(Stored records)
(* Assume (A1), (A2), (A6) together with: (a) $A\perp\{Y(1,1),Y(1,0),M(0),M(1)\}\mid X$; (b) $\{M(0),M(1)\}\perp\{Y(1,0),Y(1,1)\}\mid X$; (c) there is $\epsilon>0$ with $P\{P(A=1,M=m\mid X)\ge\epsilon\}=1$ for $m=0,1$ and $P\{P(A=0\mid X)\ge\epsilon\}=1$. Then for (almost) every $x$, $$\psi(x) = P(Y(1,0)=0\mid Y(1,1)=1,X=x)\,P(M(0)=0\mid M(1)=1,X=x) = \Big[1-\frac{\mu_{10}(x)}{\mu_{11}(x)}\Big]\Big[1-\frac{\gamma_0(x)}{\gamma_1(x)}\Big].$$
   Context: Observed data $O=(X,A,M,Y)$ with covariates $X\in\mathbb{R}^d$, binary exposure $A$, binary mediator $M$, binary outcome $Y$. For $a,m\in\{0,1\}$, $Y(a,m)$ is the potential outcome under $A=a,M=m$, $M(a)$ the potential mediator, $Y(a):=Y(a,M(a))$, cross-world $Y(a,M(a'))$ by substitution, all on a common probability space with $O$. $\mu_{am}(x)=P(Y=1\mid A=a,M=m,X=x)$, $\gamma_a(x)=P(M=1\mid A=a,X=x)$. $\psi(x)=P(Y(1,M(0))=0,\,Y(0,M(0))=0\mid Y(1,M(1))=1,M(1)=1,X=x)$. (A1) consistency: $A=a,M=m\Rightarrow Y=Y(a,m)$ and $A=a\Rightarrow M=M(a)$. (A2) monotonicity: $Y(1,1)\ge Y(1,0)\ge Y(0,0)$, $Y(1,1)\ge Y(0,1)$, $M(1)\ge M(0)$. (A6) $P\{P(Y=1\mid A=1,M=1,X)\ge\epsilon\}=1$ for some $\epsilon>0$. *)

theory Defs
  imports "HOL-Probability.Probability"
begin

text \<open>Conditional probability of the event E given the covariate X, as a version of
  E[1_E | sigma(X)] (a function of the sample point, measurable w.r.t. sigma(X)).\<close>
definition cpX :: "'a measure \<Rightarrow> ('a \<Rightarrow> 'x::topological_space) \<Rightarrow> ('a \<Rightarrow> bool) \<Rightarrow> 'a \<Rightarrow> real" where
  "cpX M X E = real_cond_exp M (vimage_algebra (space M) X borel) (indicator {w \<in> space M. E w})"

definition cpXB :: "'a measure \<Rightarrow> ('a \<Rightarrow> 'x::topological_space) \<Rightarrow> ('a \<Rightarrow> bool) \<Rightarrow> ('a \<Rightarrow> bool) \<Rightarrow> 'a \<Rightarrow> real" where
  "cpXB M X E B = (\<lambda>w. cpX M X (\<lambda>v. E v \<and> B v) w / cpX M X B w)"
lemma sofic_approximation_from_action:
  fixes K :: "'m::monoid_mult set" and \<psi> :: "'m \<Rightarrow> 'a \<Rightarrow> 'a" and \<epsilon> :: real
  assumes Y: "finite Y" "Y \<noteq> {}" and into: "\<And>m. \<psi> m ` Y \<subseteq> Y"
    and B: "B \<subseteq> Y" "real (card B) \<le> \<epsilon> * real (card Y)"
    and one: "\<And>y. y \<in> Y \<Longrightarrow> \<psi> 1 y = y"
    and mult: "\<And>p q y. p \<in> K \<Longrightarrow> q \<in> K \<Longrightarrow> y \<in> Y - B \<Longrightarrow> \<psi> (p * q) y = \<psi> p (\<psi> q y)"
    and sep: "\<And>p q y. p \<in> K \<Longrightarrow> q \<in> K \<Longrightarrow> p \<noteq> q \<Longrightarrow> y \<in> Y - B \<Longrightarrow> \<psi> p y \<noteq> \<psi> q y"
  shows "\<exists>X \<phi>. finite X \<and> X \<noteq> {} \<and> is_map_into X \<phi> \<and>
    K_alpha_injective X K (1 - \<epsilon>) \<phi> \<and> K_eps_morphism X K \<epsilon> \<phi>"
proof -
  obtain X :: "nat set" and \<phi> where X: "finite X" "X \<noteq> {}" "is_map_into X \<phi>"
    and dist: "\<And>m m'. hamming X (\<phi> m) (\<phi> m') = hamming_dist Y (\<psi> m) (\<psi> m')"
      "\<And>m m' m''. hamming X (\<phi> m) (\<phi> m' \<circ> \<phi> m'') = hamming_dist Y (\<psi> m) (\<psi> m' \<circ> \<psi> m'')"
      "\<And>m. hamming X (\<phi> m) id = hamming_dist Y (\<psi> m) id"
    using nat_model_of_action[of Y \<psi>, OF Y into] by blast
  have "K_alpha_injective X K (1 - \<epsilon>) \<phi>"
    unfolding K_alpha_injective_def dist using Y B sep by (blast intro: hamming_dist_ge)
  moreover have "K_eps_morphism X K \<epsilon> \<phi>"
    unfolding K_eps_morphism_def dist
  proof (intro conjI ballI)
    fix p q assume "p \<in> K" "q \<in> K"
    then show "hamming_dist Y (\<psi> (p * q)) (\<psi> p \<circ> \<psi> q) \<le> \<epsilon>"
      using mult by (intro hamming_dist_le[OF Y B]) simp
  next
    show "hamming_dist Y (\<psi> 1) id \<le> \<epsilon>"
      using one by (intro hamming_dist_le[OF Y B]) simp
  qed
  ultimately show ?thesis
    using X by blast
qed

Directions. The full set of entries has to be duplicated precisely.

Written response.
(* Assume (A1), (A2), (A6) together with: (a) $A\perp\{Y(1,1),Y(1,0),M(0),M(1)\}\mid X$; (b) $\{M(0),M(1)\}\perp\{Y(1,0),Y(1,1)\}\mid X$; (c) there is $\epsilon>0$ with $P\{P(A=1,M=m\mid X)\ge\epsilon\}=1$ for $m=0,1$ and $P\{P(A=0\mid X)\ge\epsilon\}=1$. Then for (almost) every $x$, $$\psi(x) = P(Y(1,0)=0\mid Y(1,1)=1,X=x)\,P(M(0)=0\mid M(1)=1,X=x) = \Big[1-\frac{\mu_{10}(x)}{\mu_{11}(x)}\Big]\Big[1-\frac{\gamma_0(x)}{\gamma_1(x)}\Big].$$
   Context: Observed data $O=(X,A,M,Y)$ with covariates $X\in\mathbb{R}^d$, binary exposure $A$, binary mediator $M$, binary outcome $Y$. For $a,m\in\{0,1\}$, $Y(a,m)$ is the potential outcome under $A=a,M=m$, $M(a)$ the potential mediator, $Y(a):=Y(a,M(a))$, cross-world $Y(a,M(a'))$ by substitution, all on a common probability space with $O$. $\mu_{am}(x)=P(Y=1\mid A=a,M=m,X=x)$, $\gamma_a(x)=P(M=1\mid A=a,X=x)$. $\psi(x)=P(Y(1,M(0))=0,\,Y(0,M(0))=0\mid Y(1,M(1))=1,M(1)=1,X=x)$. (A1) consistency: $A=a,M=m\Rightarrow Y=Y(a,m)$ and $A=a\Rightarrow M=M(a)$. (A2) monotonicity: $Y(1,1)\ge Y(1,0)\ge Y(0,0)$, $Y(1,1)\ge Y(0,1)$, $M(1)\ge M(0)$. (A6) $P\{P(Y=1\mid A=1,M=1,X)\ge\epsilon\}=1$ for some $\epsilon>0$. *)

theory Defs
  imports "HOL-Probability.Probability"
begin

text \<open>Conditional probability of the event E given the covariate X, as a version of
  E[1_E | sigma(X)] (a function of the sample point, measurable w.r.t. sigma(X)).\<close>
definition cpX :: "'a measure \<Rightarrow> ('a \<Rightarrow> 'x::topological_space) \<Rightarrow> ('a \<Rightarrow> bool) \<Rightarrow> 'a \<Rightarrow> real" where
  "cpX M X E = real_cond_exp M (vimage_algebra (space M) X borel) (indicator {w \<in> space M. E w})"

definition cpXB :: "'a measure \<Rightarrow> ('a \<Rightarrow> 'x::topological_space) \<Rightarrow> ('a \<Rightarrow> bool) \<Rightarrow> ('a \<Rightarrow> bool) \<Rightarrow> 'a \<Rightarrow> real" where
  "cpXB M X E B = (\<lambda>w. cpX M X (\<lambda>v. E v \<and> B v) w / cpX M X B w)"
lemma sofic_approximation_from_action:
  fixes K :: "'m::monoid_mult set" and \<psi> :: "'m \<Rightarrow> 'a \<Rightarrow> 'a" and \<epsilon> :: real
  assumes Y: "finite Y" "Y \<noteq> {}" and into: "\<And>m. \<psi> m ` Y \<subseteq> Y"
    and B: "B \<subseteq> Y" "real (card B) \<le> \<epsilon> * real (card Y)"
    and one: "\<And>y. y \<in> Y \<Longrightarrow> \<psi> 1 y = y"
    and mult: "\<And>p q y. p \<in> K \<Longrightarrow> q \<in> K \<Longrightarrow> y \<in> Y - B \<Longrightarrow> \<psi> (p * q) y = \<psi> p (\<psi> q y)"
    and sep: "\<And>p q y. p \<in> K \<Longrightarrow> q \<in> K \<Longrightarrow> p \<noteq> q \<Longrightarrow> y \<in> Y - B \<Longrightarrow> \<psi> p y \<noteq> \<psi> q y"
  shows "\<exists>X \<phi>. finite X \<and> X \<noteq> {} \<and> is_map_into X \<phi> \<and>
    K_alpha_injective X K (1 - \<epsilon>) \<phi> \<and> K_eps_morphism X K \<epsilon> \<phi>"
proof -
  obtain X :: "nat set" and \<phi> where X: "finite X" "X \<noteq> {}" "is_map_into X \<phi>"
    and dist: "\<And>m m'. hamming X (\<phi> m) (\<phi> m') = hamming_dist Y (\<psi> m) (\<psi> m')"
      "\<And>m m' m''. hamming X (\<phi> m) (\<phi> m' \<circ> \<phi> m'') = hamming_dist Y (\<psi> m) (\<psi> m' \<circ> \<psi> m'')"
      "\<And>m. hamming X (\<phi> m) id = hamming_dist Y (\<psi> m) id"
    using nat_model_of_action[of Y \<psi>, OF Y into] by blast
  have "K_alpha_injective X K (1 - \<epsilon>) \<phi>"
    unfolding K_alpha_injective_def dist using Y B sep by (blast intro: hamming_dist_ge)
  moreover have "K_eps_morphism X K \<epsilon> \<phi>"
    unfolding K_eps_morphism_def dist
  proof (intro conjI ballI)
    fix p q assume "p \<in> K" "q \<in> K"
    then show "hamming_dist Y (\<psi> (p * q)) (\<psi> p \<circ> \<psi> q) \<le> \<epsilon>"
      using mult by (intro hamming_dist_le[OF Y B]) simp
  next
    show "hamming_dist Y (\<psi> 1) id \<le> \<epsilon>"
      using one by (intro hamming_dist_le[OF Y B]) simp
  qed
  ultimately show ?thesis
    using X by blast
qed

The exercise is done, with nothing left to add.